Une mère réclame un meilleur accès à la psychothérapie

Elisa Cloutier | Agence QMI

Persuadée que son fils s’est enlevé la vie en raison d’une dépression non traitée, une mère réclame un meilleur accès à la psychothérapie pour les jeunes.

Il y a six mois, un peu avant 6 h du matin, le fils de Martine Brault a heurté de plein fouet le viaduc surplombant l’autoroute Duplessis, à la hauteur de l’autoroute Charest. L’auto a immédiatement pris feu. Aucune trace de freinage n’a été détectée sur les lieux de l’accident. Patrick Chouinard, âgé de 20 ans, est mort sur le coup, a confirmé le coroner à la mère, qui se console en se disant que son fils aîné n’a pas souffert.
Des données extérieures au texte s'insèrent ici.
section \<open>Strength at most two\<close>

lemma poly_mapping_eq_sum_single:
  "u = (\<Sum>m\<in>Poly_Mapping.keys u. Poly_Mapping.single m (Poly_Mapping.lookup u m))"
  by (rule poly_mapping_eqI) (simp add: lookup_sum lookup_single when_def in_keys_iff)

lemma keys_sum_single_subset:
  "(\<And>m. m \<in> A \<Longrightarrow> f m \<in> B) \<Longrightarrow> Poly_Mapping.keys (\<Sum>m\<in>A. Poly_Mapping.single (f m) (c m)) \<subseteq> B"
  using keys_sum[of "\<lambda>m. Poly_Mapping.single (f m) (c m)" A] by (auto split: if_splits)

lemma single_add_diff_single:
  fixes m :: "'v \<Rightarrow>\<^sub>0 nat"
  assumes "e \<le> Poly_Mapping.lookup m x"
  shows "Poly_Mapping.single x e + (m - Poly_Mapping.single x e) = m"
  by (rule poly_mapping_eqI) (use assms in \<open>auto simp: lookup_add lookup_minus lookup_single when_def\<close>)

lemma split_by_two_vars:
  fixes u :: "('v \<Rightarrow>\<^sub>0 nat) \<Rightarrow>\<^sub>0 'c::comm_semiring_1"
  assumes "\<And>m. m \<in> Poly_Mapping.keys u \<Longrightarrow> 0 < Poly_Mapping.lookup m x \<or> 0 < Poly_Mapping.lookup m y"
  obtains A B where
    "u = Poly_Mapping.single (Poly_Mapping.single x 1) 1 * A
       + Poly_Mapping.single (Poly_Mapping.single y 1) 1 * B"
    "Poly_Mapping.keys A \<subseteq> {m - Poly_Mapping.single x 1 | m.
       m \<in> Poly_Mapping.keys u \<and> 0 < Poly_Mapping.lookup m x}"
    "Poly_Mapping.keys B \<subseteq> {m - Poly_Mapping.single y 1 | m.
       m \<in> Poly_Mapping.keys u \<and> 0 < Poly_Mapping.lookup m y}"
proof -
  define K where "K = {m \<in> Poly_Mapping.keys u. 0 < Poly_Mapping.lookup m x}"
  define L where "L = Poly_Mapping.keys u - K"
  define A where "A = (\<Sum>m\<in>K. Poly_Mapping.single (m - Poly_Mapping.single x 1) (Poly_Mapping.lookup u m))"
  define B where "B = (\<Sum>m\<in>L. Poly_Mapping.single (m - Poly_Mapping.single y 1) (Poly_Mapping.lookup u m))"
  have y_in_L: "0 < Poly_Mapping.lookup m y" if "m \<in> L" for m
    using assms[of m] that by (auto simp: L_def K_def)
  have "Poly_Mapping.single (Poly_Mapping.single x 1) 1 * A = (\<Sum>m\<in>K. Poly_Mapping.single m (Poly_Mapping.lookup u m))"
    unfolding A_def sum_distrib_left mult_single by (intro sum.cong refl) (simp add: K_def single_add_diff_single)
  moreover have "Poly_Mapping.single (Poly_Mapping.single y 1) 1 * B = (\<Sum>m\<in>L. Poly_Mapping.single m (Poly_Mapping.lookup u m))"
    unfolding B_def sum_distrib_left mult_single by (intro sum.cong refl) (simp add: y_in_L Suc_le_eq single_add_diff_single)
  ultimately have "Poly_Mapping.single (Poly_Mapping.single x 1) 1 * A + Poly_Mapping.single (Poly_Mapping.single y 1) 1 * B
      = (\<Sum>m\<in>K. Poly_Mapping.single m (Poly_Mapping.lookup u m))
        + (\<Sum>m\<in>L. Poly_Mapping.single m (Poly_Mapping.lookup u m))"
    by simp
  also have "\<dots> = u"
    using sum.union_disjoint[of K L "\<lambda>m. Poly_Mapping.single m (Poly_Mapping.lookup u m)"]
    by (simp add: K_def L_def Un_absorb1 flip: poly_mapping_eq_sum_single)
  finally have "u = Poly_Mapping.single (Poly_Mapping.single x 1) 1 * A
      + Poly_Mapping.single (Poly_Mapping.single y 1) 1 * B" ..
  moreover have "Poly_Mapping.keys A \<subseteq> {m - Poly_Mapping.single x 1 | m.
      m \<in> Poly_Mapping.keys u \<and> 0 < Poly_Mapping.lookup m x}"
    unfolding A_def by (rule keys_sum_single_subset) (auto simp: K_def)
  moreover have "Poly_Mapping.keys B \<subseteq> {m - Poly_Mapping.single y 1 | m.
      m \<in> Poly_Mapping.keys u \<and> 0 < Poly_Mapping.lookup m y}"
    unfolding B_def by (rule keys_sum_single_subset) (use y_in_L in \<open>auto simp: L_def\<close>)
  ultimately show ?thesis
    by (rule that)
qed
text \<open>Along a ray \<open>x + \<lambda> v\<close>, a polynomial of degree at most three is a cubic in \<open>\<lambda>\<close> whose
  leading coefficient is the cubic form \<open>p\<^sub>3(v)\<close>, and the hypotheses on \<open>vbar\<close> say exactly
  that \<open>p\<^sub>3(vbar) > 0\<close>; by continuity this persists near \<open>vbar\<close>. It remains to approximate \<open>xbar\<close>
  in \<open>P\<close> and \<open>vbar\<close> in \<open>rec P\<close> (again a rational polyhedron) by rational points.
  For that, write the coordinates of \<open>y\<close> in a finite \<open>\<rat>\<close>-basis of the reals containing \<open>1\<close> and
  move every other basis element to a nearby rational: the resulting \<open>\<rat>\<close>-linear perturbation
  keeps every rational equation \<open>a \<bullet> y = b\<close> satisfied, while strict inequalities survive
  small perturbations.\<close>

definition qscale :: "rat \<Rightarrow> real \<Rightarrow> real" where "qscale q x = of_rat q * x"

interpretation Q: vector_space qscale
  by unfold_locales (simp_all add: qscale_def algebra_simps of_rat_add of_rat_mult)

lemma Q_basis_containing_one:
  assumes "finite S"
  obtains B where "finite B" "1 \<in> B" "Q.independent B" "S \<subseteq> Q.span B"
proof -
  have "Q.independent {1::real}"
    by (simp add: Q.independent_insert Q.span_empty qscale_def)
  then obtain B where B: "{1} \<subseteq> B" "B \<subseteq> Q.span (insert 1 S)" "Q.independent B"
      "Q.span (insert 1 S) \<subseteq> Q.span B"
    using Q.maximal_independent_subset_extend[of "{1}" "Q.span (insert 1 S)"]
    by (metis Q.span_base insertI1 insert_subset empty_subsetI)
  have "finite B"
    using Q.independent_span_bound[OF _ B(3,2)] assms by simp
  with B show thesis
    using Q.span_base[of _ "insert 1 S"] by (intro that) auto
qed
definition is_coboundary ::
  "'a set \<Rightarrow> ('a \<Rightarrow> 'a \<Rightarrow> bool) \<Rightarrow> ('a \<Rightarrow> 'b set) \<Rightarrow> ('a \<Rightarrow> 'a \<Rightarrow> 'b \<Rightarrow> 'b) \<Rightarrow> ('a \<Rightarrow> ('b \<Rightarrow> real) set)
    \<Rightarrow> real \<Rightarrow> nat \<Rightarrow> ('a, 'b) cochain \<Rightarrow> bool" where
  "is_coboundary S le E Emap Q \<alpha> n f \<longleftrightarrow>
     (if n = 0 then f = (\<lambda>_ _ _. 0)
      else (\<exists>g. is_cochain S le E Emap Q (n - 1) g \<and> f = cobdry S le E Emap Q \<alpha> (n - 1) g))"

definition pullback ::
  "'a set \<Rightarrow> ('a \<Rightarrow> 'a \<Rightarrow> bool) \<Rightarrow> ('a \<Rightarrow> 'b set) \<Rightarrow> ('a \<Rightarrow> ('b \<Rightarrow> real) set) \<Rightarrow>
   ('a \<Rightarrow> 'c) \<Rightarrow> ('a \<Rightarrow> 'b \<Rightarrow> 'd) \<Rightarrow> nat \<Rightarrow> ('c, 'd) cochain \<Rightarrow> ('a, 'b) cochain" where
  "pullback S le E Q phi phis n f = (\<lambda>Y xs P.
     if cvalid S le Q n Y xs P then f (phi Y) (map phi xs) (mpush E phis Y P) else 0)"

definition induces_iso_in_degree ::
  "'a set \<Rightarrow> ('a \<Rightarrow> 'a \<Rightarrow> bool) \<Rightarrow> ('a \<Rightarrow> 'b set) \<Rightarrow> ('a \<Rightarrow> 'a \<Rightarrow> 'b \<Rightarrow> 'b) \<Rightarrow> ('a \<Rightarrow> ('b \<Rightarrow> real) set) \<Rightarrow>
   'c set \<Rightarrow> ('c \<Rightarrow> 'c \<Rightarrow> bool) \<Rightarrow> ('c \<Rightarrow> 'd set) \<Rightarrow> ('c \<Rightarrow> 'c \<Rightarrow> 'd \<Rightarrow> 'd) \<Rightarrow> ('c \<Rightarrow> ('d \<Rightarrow> real) set) \<Rightarrow>
   ('a \<Rightarrow> 'c) \<Rightarrow> ('a \<Rightarrow> 'b \<Rightarrow> 'd) \<Rightarrow> real \<Rightarrow> nat \<Rightarrow> bool" where
  "induces_iso_in_degree S le E Emap Q S' le' E' Emap' Q' phi phis \<alpha> n \<longleftrightarrow>
     \<comment> \<open>phi^* maps cochains to cochains\<close>
     (\<forall>f. is_cochain S' le' E' Emap' Q' n f \<longrightarrow> is_cochain S le E Emap Q n (pullback S le E Q phi phis n f)) \<and>
     \<comment> \<open>phi^* commutes with the is_coboundary\<close>
     (\<forall>f. is_cochain S' le' E' Emap' Q' n f \<longrightarrow>
        pullback S le E Q phi phis (Suc n) (cobdry S' le' E' Emap' Q' \<alpha> n f)
        = cobdry S le E Emap Q \<alpha> n (pullback S le E Q phi phis n f)) \<and>
     \<comment> \<open>injective on cohomology\<close>
     (\<forall>f. is_cocycle S' le' E' Emap' Q' \<alpha> n f \<and>
          is_coboundary S le E Emap Q \<alpha> n (pullback S le E Q phi phis n f) \<longrightarrow>
          is_coboundary S' le' E' Emap' Q' \<alpha> n f) \<and>
     \<comment> \<open>surjective on cohomology\<close>
     (\<forall>g. is_cocycle S le E Emap Q \<alpha> n g \<longrightarrow>
        (\<exists>f. is_cocycle S' le' E' Emap' Q' \<alpha> n f \<and>
             is_coboundary S le E Emap Q \<alpha> n (\<lambda>Y xs P. g Y xs P - pullback S le E Q phi phis n f Y xs P)))"

end

theory Submission
  imports Defs
begin

(* The pullback phi^* only evaluates cochains at pushed-forward laws m_Y(P). Naturality of
   phi^# makes m commute with marginalization, and injectivity of phi^# on each E(X) makes it
   commute with conditioning; as phi also preserves the products X_k X_{k+1}, phi^* commutes
   with the coboundary. For an isomorphism, the inverse psi satisfies the same hypotheses,
   and the hypothesis Q'_{phi X} = m_X(Q_X) makes psi^* and phi^* mutually inverse on
   cochains, hence on cohomology. *)

lemma info_structureD:
  assumes "info_structure S le one E Emap"
  shows "\<forall>X\<in>S. \<forall>Y\<in>S. le X Y \<and> le Y X \<longrightarrow> X = Y"
    and "\<forall>X\<in>S. \<forall>Y\<in>S. \<forall>Z\<in>S. le X Y \<and> le Y Z \<longrightarrow> le X Z"
    and "\<forall>X\<in>S. \<forall>Y\<in>S. common_refinement S le X Y \<longrightarrow> (\<exists>W. is_pmeet S le X Y W)"
    and "\<forall>X\<in>S. \<forall>Y\<in>S. le X Y \<longrightarrow> (\<forall>x\<in>E X. Emap X Y x \<in> E Y)"
  using assms unfolding info_structure_def by - (elim conjE, assumption)+
lemma support_fun_least: "(\<And>\<xi>. \<xi> \<in> V \<Longrightarrow> ip n \<xi> u \<le> c) \<Longrightarrow> support_fun n V u \<le> c"
  unfolding support_fun_def using V_nonempty by (intro cSup_least) auto

lemma support_fun_le_l1: "support_fun n V u \<le> B * (\<Sum>i<n. \<bar>u i\<bar>)"
  by (intro support_fun_least ip_le_l1_bound V_bounded)

lemma support_fun_add_le:
  "support_fun n V (\<lambda>i. u i + v i) \<le> support_fun n V u + support_fun n V v"
proof (rule support_fun_least)
  fix \<xi> assume "\<xi> \<in> V"
  then have "ip n \<xi> u + ip n \<xi> v \<le> support_fun n V u + support_fun n V v"
    by (intro add_mono support_fun_upper)
  then show "ip n \<xi> (\<lambda>i. u i + v i) \<le> support_fun n V u + support_fun n V v"
    using ip_linear[of n \<xi> 1 u 1 v] by simp
qed

lemma coordinatewise_convex_support_fun: "coordinatewise_convex (support_fun n V)"
  unfolding coordinatewise_convex_def
proof (intro allI convex_onI)
  fix u k and s a b :: real assume s: "0 < s" "s < 1"
  show "support_fun n V (u(k := (1 - s) *\<^sub>R a + s *\<^sub>R b))
      \<le> (1 - s) * support_fun n V (u(k := a)) + s * support_fun n V (u(k := b))"
  proof (rule support_fun_least)
    fix \<xi> assume "\<xi> \<in> V"
    have upd: "u(k := (1 - s) *\<^sub>R a + s *\<^sub>R b) = (\<lambda>i. (1 - s) * (u(k := a)) i + s * (u(k := b)) i)"
      by (auto simp: fun_eq_iff algebra_simps)
    have "(1 - s) * ip n \<xi> (u(k := a)) + s * ip n \<xi> (u(k := b))
        \<le> (1 - s) * support_fun n V (u(k := a)) + s * support_fun n V (u(k := b))"
      using s \<open>\<xi> \<in> V\<close> by (intro add_mono mult_left_mono support_fun_upper) auto
    then show "ip n \<xi> (u(k := (1 - s) *\<^sub>R a + s *\<^sub>R b))
        \<le> (1 - s) * support_fun n V (u(k := a)) + s * support_fun n V (u(k := b))"
      unfolding upd ip_linear .
  qed
qed simp

end

section \<open>Calculus on the cube\<close>

lemma abs_le_enorm: "i < n \<Longrightarrow> \<bar>u i\<bar> \<le> enorm n u"
  unfolding enorm_def by (metis real_sqrt_abs real_sqrt_le_mono lessThan_iff finite_lessThan
    member_le_sum zero_le_power2)

lemma enorm_le_sum_abs: "enorm n u \<le> (\<Sum>i<n. \<bar>u i\<bar>)"
  using L2_set_le_sum_abs[of u "{..<n}"] by (simp add: enorm_def L2_set_def)

lemma enorm_scale: "enorm n (\<lambda>i. h * u i) = \<bar>h\<bar> * enorm n u"
  by (simp add: enorm_def power_mult_distrib real_sqrt_mult flip: sum_distrib_left)

lemma ip_scale: "ip n \<xi> (\<lambda>i. h * u i) = h * ip n \<xi> u"
  unfolding ip_def by (simp add: sum_distrib_left algebra_simps)

lemma cube_eq_PiE: "cube n = PiE UNIV (\<lambda>i. if i < n then {-1..1} else {0})"
  by (auto simp: cube_def Rn_def PiE_UNIV_domain abs_le_iff split: if_splits)

lemma compact_cube: "compact (cube n)"
proof -
  have "compactin (product_topology (\<lambda>_. euclidean) UNIV)
      (PiE UNIV (\<lambda>i. if i < n then {-1..1::real} else {0}))"
    by (subst compactin_PiE) auto
  then show ?thesis
    unfolding cube_eq_PiE euclidean_product_topology by simp
qed
(* A compact Hausdorff space $X$ belongs to the class $\mathcal A$ if and only if $X$ is scattered and hereditarily paracompact.
   Context: A topological space is scattered if each nonempty subspace has an isolated point. For a locally compact Hausdorff space $Y$, an Aleksandrov compactification of $Y$ is a compactification $\overline Y$ of $Y$ with $|\overline Y\setminus Y|\le 1$. The class $\mathcal A$ is the smallest class of compact spaces that contains the empty space and the one-point space and is closed under taking the Aleksandrov compactification of a topological sum $\bigoplus_{i\in I}K_i$ of any family $\{K_i\}_{i\in I}$ of spaces from $\mathcal A$. *)

theory Defs
  imports "HOL-Analysis.Analysis"
begin

definition scattered_space :: "'a topology \<Rightarrow> bool" where
  "scattered_space X \<longleftrightarrow>
     (\<forall>S. S \<subseteq> topspace X \<and> S \<noteq> {} \<longrightarrow> (\<exists>x\<in>S. openin (subtopology X S) {x}))"

definition paracompact_space :: "'a topology \<Rightarrow> bool" where
  "paracompact_space X \<longleftrightarrow>
     (\<forall>\<U>. (\<forall>U\<in>\<U>. openin X U) \<and> \<Union>\<U> = topspace X \<longrightarrow>
        (\<exists>\<V>. (\<forall>V\<in>\<V>. openin X V) \<and> \<Union>\<V> = topspace X \<and>
             (\<forall>V\<in>\<V>. \<exists>U\<in>\<U>. V \<subseteq> U) \<and> locally_finite_in X \<V>))"

definition hereditarily_paracompact_space :: "'a topology \<Rightarrow> bool" where
  "hereditarily_paracompact_space X \<longleftrightarrow>
     (\<forall>S. S \<subseteq> topspace X \<longrightarrow> paracompact_space (subtopology X S))"

text \<open>The class A, rendered intrinsically (up to homeomorphism): X is in A iff X is empty,
  a single point, or X is a (Hausdorff) compactification of an open dense subspace
  Y = topspace X - P with at most one remaining point, where Y is the topological sum of
  the pairwise disjoint open pieces U in a family, each piece (as a subspace) in A.\<close>
inductive classA :: "'a topology \<Rightarrow> bool" where
  empty: "topspace X = {} \<Longrightarrow> classA X"
| point: "topspace X = {a} \<Longrightarrow> classA X"
| alex: "\<lbrakk>compact_space X; Hausdorff_space X;
          P \<subseteq> topspace X; P = {} \<or> (\<exists>p. P = {p});
          X closure_of (topspace X - P) = topspace X;
          \<Union>\<U> = topspace X - P; pairwise disjnt \<U>;
          \<forall>U\<in>\<U>. openin X U \<and> classA (subtopology X U)\<rbrakk> \<Longrightarrow> classA X"

end

theory Submission
  imports Defs
begin

text \<open>
  Scatteredness passes to a space covered, up to one
  point, by open scattered subspaces.  For hereditary paracompactness, a subspace \<open>S\<close> of an
  Aleksandrov compactification is, minus the added point, a topological sum of paracompact
  pieces, hence paracompact; and a regular space that is paracompact after removing one closed
  point is paracompact.

  A compact Hausdorff scattered space is zero-dimensional, and \<open>\<A>\<close> is
  closed under clopen subspaces.  The second part of the file shows that, in a compact
  zero-dimensional space, a cover of an open paracompact subspace by clopen sets has a
  refinement partitioning it into clopen sets (take a locally finite refinement, swell it to a
  clopen one using compactness of closures, and make it disjoint by a well-ordering).  Hence if
  all points of such a subspace have clopen neighbourhoods in \<open>\<A>\<close>, it is a sum of clopen members
  of \<open>\<A>\<close>.  Now every point has a clopen neighbourhood in \<open>\<A>\<close>: otherwise an isolated bad point \<open>b\<close>
  has a clopen neighbourhood \<open>N\<close> whose other points are good, and then \<open>N\<close> is the Aleksandrov
  compactification of the sum obtained from \<open>N - {b}\<close>.  Applying the partition to the whole
  space finishes the proof.
\<close>

lemma scattered_space_subsingleton:
  assumes "topspace X \<subseteq> {a}"
  shows "scattered_space X"
  unfolding scattered_space_def
proof (intro allI impI)
  fix S assume S: "S \<subseteq> topspace X \<and> S \<noteq> {}"
  then have "S = {a}" using assms by auto
  then show "\<exists>x\<in>S. openin (subtopology X S) {x}"
    using S by (metis inf.absorb_iff2 insertI1 openin_topspace topspace_subtopology)
qed

lemma paracompact_space_finite:
  assumes "finite (topspace X)"
  shows "paracompact_space X"
  unfolding paracompact_space_def
proof (intro allI impI)
  fix \<U> assume \<U>: "(\<forall>U\<in>\<U>. openin X U) \<and> \<Union>\<U> = topspace X"
  then have "\<U> \<subseteq> Pow (topspace X)" by auto
  then have "finite \<U>" using assms by (simp add: finite_subset)
  then show "\<exists>\<V>. (\<forall>V\<in>\<V>. openin X V) \<and> \<Union>\<V> = topspace X \<and>
             (\<forall>V\<in>\<V>. \<exists>U\<in>\<U>. V \<subseteq> U) \<and> locally_finite_in X \<V>"
    using \<U> by (intro exI[of _ \<U>]) (auto intro: finite_imp_locally_finite_in)
qed

lemma hereditarily_paracompact_space_finite:
  "finite (topspace X) \<Longrightarrow> hereditarily_paracompact_space X"
  unfolding hereditarily_paracompact_space_def
  by (auto intro!: paracompact_space_finite)

lemma scattered_space_open_cover_but_point:
  assumes P: "P = {} \<or> (\<exists>p. P = {p})" and cov: "topspace X - P \<subseteq> \<Union>\<U>"
    and \<U>: "\<And>U. U \<in> \<U> \<Longrightarrow> openin X U \<and> scattered_space (subtopology X U)"
  shows "scattered_space X"
  unfolding scattered_space_def
proof (intro allI impI)
  fix S assume S: "S \<subseteq> topspace X \<and> S \<noteq> {}"
  show "\<exists>x\<in>S. openin (subtopology X S) {x}"
  proof (cases "S \<subseteq> P")
    case True
    then obtain p where p: "S = {p}" using P S by auto
    then show ?thesis using S by (metis insertI1 openin_topspace topspace_subtopology_subset)
  next
    case False
    then obtain U x where U: "U \<in> \<U>" and x: "x \<in> S" "x \<in> U" using S cov by blast
    have oU: "openin X U" and sU: "scattered_space (subtopology X U)" using \<U>[OF U] by auto
    have "S \<inter> U \<subseteq> topspace (subtopology X U)" "S \<inter> U \<noteq> {}"
      using S x openin_subset[OF oU] by auto
    then obtain y where y: "y \<in> S \<inter> U" "openin (subtopology (subtopology X U) (S \<inter> U)) {y}"
      using sU unfolding scattered_space_def by blast
    have "subtopology (subtopology X U) (S \<inter> U) = subtopology (subtopology X S) (S \<inter> U)"
      by (simp add: subtopology_subtopology Int_ac)
    moreover have "openin (subtopology X S) (S \<inter> U)"
      using oU by (simp add: openin_subtopology_Int2)
    ultimately have "openin (subtopology X S) {y}" using y openin_trans_full by metis
    then show ?thesis using y by blast
  qed
qed

lemma paracompact_space_subtopology_refinement:
  assumes pc: "paracompact_space (subtopology X S)"
    and \<W>: "\<And>W. W \<in> \<W> \<Longrightarrow> openin X W" and cov: "S \<subseteq> \<Union>\<W>"
  shows "\<exists>\<V>. (\<forall>V\<in>\<V>. openin (subtopology X S) V) \<and> \<Union>\<V> = topspace X \<inter> S \<and>
             (\<forall>V\<in>\<V>. \<exists>W\<in>\<W>. V \<subseteq> W) \<and> locally_finite_in (subtopology X S) \<V>"
proof -
  let ?\<W> = "(\<lambda>W. W \<inter> S) ` \<W>"
  have "W \<subseteq> topspace X" if "W \<in> \<W>" for W using \<W>[OF that] by (rule openin_subset)
  then have "\<Union>?\<W> = topspace (subtopology X S)" using cov by auto
  moreover have "openin (subtopology X S) (W \<inter> S)" if "W \<in> \<W>" for W
    using \<W>[OF that] by (rule openin_subtopology_Int)
  ultimately have "(\<forall>A\<in>?\<W>. openin (subtopology X S) A) \<and> \<Union>?\<W> = topspace (subtopology X S)"
    by blast
  from pc[unfolded paracompact_space_def, rule_format, OF this]
  obtain \<V> where V: "\<forall>V\<in>\<V>. openin (subtopology X S) V" "\<Union>\<V> = topspace (subtopology X S)"
      "\<forall>V\<in>\<V>. \<exists>A\<in>?\<W>. V \<subseteq> A" "locally_finite_in (subtopology X S) \<V>"
    by (elim exE conjE)
  have "\<forall>V\<in>\<V>. \<exists>W\<in>\<W>. V \<subseteq> W"
  proof
    fix V assume "V \<in> \<V>"
    then obtain W where "W \<in> \<W>" "V \<subseteq> W \<inter> S" using V(3) by blast
    then show "\<exists>W\<in>\<W>. V \<subseteq> W" by blast
  qed
  then show ?thesis using V(1,2,4) by (intro exI[of _ \<V>]) simp
qed

text \<open>Families that are locally finite on the pieces of a partition of \<open>X\<close> into open sets
  combine to a locally finite family in \<open>X\<close>: a small neighbourhood inside one piece meets no
  member of the families living on the other pieces.\<close>

lemma locally_finite_in_disjoint_open_union:
  assumes cov: "\<Union>\<U> = topspace X" and disj: "pairwise disjnt \<U>"
    and \<U>_open: "\<And>U. U \<in> \<U> \<Longrightarrow> openin X U"
    and f_sub: "\<And>U V. U \<in> \<U> \<Longrightarrow> V \<in> f U \<Longrightarrow> V \<subseteq> U"
    and f_lf: "\<And>U. U \<in> \<U> \<Longrightarrow> locally_finite_in (subtopology X U) (f U)"
  shows "locally_finite_in X (\<Union>(f ` \<U>))"
  unfolding locally_finite_in_def
proof (intro conjI ballI)
  show "\<Union>(\<Union>(f ` \<U>)) \<subseteq> topspace X" using f_sub cov by blast
  fix x assume x: "x \<in> topspace X"
  then obtain U where U: "U \<in> \<U>" "x \<in> U" using cov by blast
  then have "x \<in> topspace (subtopology X U)" using x by simp
  then obtain M where M: "openin (subtopology X U) M" "x \<in> M" "finite {V \<in> f U. V \<inter> M \<noteq> {}}"
    using f_lf[OF U(1)] unfolding locally_finite_in_def by blast
  have MU: "M \<subseteq> U" using M(1) openin_subset by fastforce
  have "{V \<in> \<Union>(f ` \<U>). V \<inter> M \<noteq> {}} \<subseteq> {V \<in> f U. V \<inter> M \<noteq> {}}"
  proof clarify
    fix U' V assume U': "U' \<in> \<U>" "V \<in> f U'" "V \<inter> M \<noteq> {}"
    then have "U' \<inter> U \<noteq> {}" using f_sub MU by blast
    then have "U' = U" using disj U'(1) U(1) unfolding pairwise_def disjnt_def by blast
    then show "V \<in> f U" using U' by simp
  qed
  then have "finite {V \<in> \<Union>(f ` \<U>). V \<inter> M \<noteq> {}}" using M(3) finite_subset by blast
  moreover have "openin X M" using M(1) \<U>_open[OF U(1)] openin_trans_full by blast
  ultimately show "\<exists>M. openin X M \<and> x \<in> M \<and> finite {V \<in> \<Union>(f ` \<U>). V \<inter> M \<noteq> {}}"
    using M(2) by blast
qed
Sans le moindre indice sur l’état de santé mentale de son fils, Mme Brault a questionné ses amis. Ces derniers lui ont fait part de quelques «signaux d’alarme». «J’ai appris que ça lui arrivait de rouler toute la nuit, qu’il allait voir un de ses amis lorsqu’il avait un down et qu’ils pouvaient rouler ensemble pendant des heures le temps que ça passe. Ce même ami m’a raconté que 48 heures avant qu’il se tue, mon fils lui a dit qu’il avait passé la nuit sur le tracel de Cap-Rouge [un viaduc ferroviaire]», relate la mère en entrevue au «Journal de Québec».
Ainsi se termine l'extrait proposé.